* Data records:
----------------

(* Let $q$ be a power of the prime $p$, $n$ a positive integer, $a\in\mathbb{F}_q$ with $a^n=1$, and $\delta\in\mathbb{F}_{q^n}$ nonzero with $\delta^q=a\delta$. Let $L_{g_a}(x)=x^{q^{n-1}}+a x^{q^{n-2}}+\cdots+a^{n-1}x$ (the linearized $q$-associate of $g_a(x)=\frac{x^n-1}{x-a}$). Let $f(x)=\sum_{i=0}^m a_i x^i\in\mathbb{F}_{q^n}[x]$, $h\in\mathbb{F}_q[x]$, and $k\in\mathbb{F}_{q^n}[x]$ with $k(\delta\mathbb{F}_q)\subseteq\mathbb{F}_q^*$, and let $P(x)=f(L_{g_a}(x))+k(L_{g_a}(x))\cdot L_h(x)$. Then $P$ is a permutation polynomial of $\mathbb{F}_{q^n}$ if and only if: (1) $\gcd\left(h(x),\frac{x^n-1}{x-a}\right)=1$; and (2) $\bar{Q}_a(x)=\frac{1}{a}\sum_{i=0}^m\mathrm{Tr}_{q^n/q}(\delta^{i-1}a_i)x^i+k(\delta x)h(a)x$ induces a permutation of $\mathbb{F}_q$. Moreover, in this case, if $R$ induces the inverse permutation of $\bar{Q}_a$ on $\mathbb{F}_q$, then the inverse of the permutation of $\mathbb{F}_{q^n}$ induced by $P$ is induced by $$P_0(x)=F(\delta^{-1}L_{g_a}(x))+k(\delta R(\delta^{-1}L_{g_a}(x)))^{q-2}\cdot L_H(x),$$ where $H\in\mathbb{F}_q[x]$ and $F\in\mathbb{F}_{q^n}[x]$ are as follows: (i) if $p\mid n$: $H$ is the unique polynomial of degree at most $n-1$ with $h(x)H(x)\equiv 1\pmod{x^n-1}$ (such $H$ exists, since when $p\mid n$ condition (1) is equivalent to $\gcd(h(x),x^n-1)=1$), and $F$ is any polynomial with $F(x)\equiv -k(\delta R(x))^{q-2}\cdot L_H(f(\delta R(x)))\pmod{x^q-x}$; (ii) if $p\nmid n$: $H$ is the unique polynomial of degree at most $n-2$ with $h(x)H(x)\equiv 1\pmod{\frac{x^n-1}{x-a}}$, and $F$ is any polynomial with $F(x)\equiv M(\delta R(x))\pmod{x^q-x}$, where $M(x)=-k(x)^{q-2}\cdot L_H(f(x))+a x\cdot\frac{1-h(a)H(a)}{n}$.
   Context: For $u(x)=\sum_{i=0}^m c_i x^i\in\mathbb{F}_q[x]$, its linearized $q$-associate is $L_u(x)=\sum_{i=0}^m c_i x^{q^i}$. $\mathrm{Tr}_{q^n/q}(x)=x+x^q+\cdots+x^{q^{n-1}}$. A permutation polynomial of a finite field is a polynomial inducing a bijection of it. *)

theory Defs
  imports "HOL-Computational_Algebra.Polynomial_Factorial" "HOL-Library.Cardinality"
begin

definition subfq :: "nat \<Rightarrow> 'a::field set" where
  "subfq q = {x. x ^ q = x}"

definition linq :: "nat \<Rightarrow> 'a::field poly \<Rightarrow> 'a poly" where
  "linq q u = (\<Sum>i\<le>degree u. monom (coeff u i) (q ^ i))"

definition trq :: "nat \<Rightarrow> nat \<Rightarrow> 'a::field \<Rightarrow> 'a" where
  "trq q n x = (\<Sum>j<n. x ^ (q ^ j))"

----------------

* Problem: Please print the lines from the one containing "u = (\<Sum>i\<le>degree" through the last line of the material, exactly, and leave out all other lines.

* Result for this exercise:
  "linq q u = (\<Sum>i\<le>degree u. monom (coeff u i) (q ^ i))"

definition trq :: "nat \<Rightarrow> nat \<Rightarrow> 'a::field \<Rightarrow> 'a" where
  "trq q n x = (\<Sum>j<n. x ^ (q ^ j))"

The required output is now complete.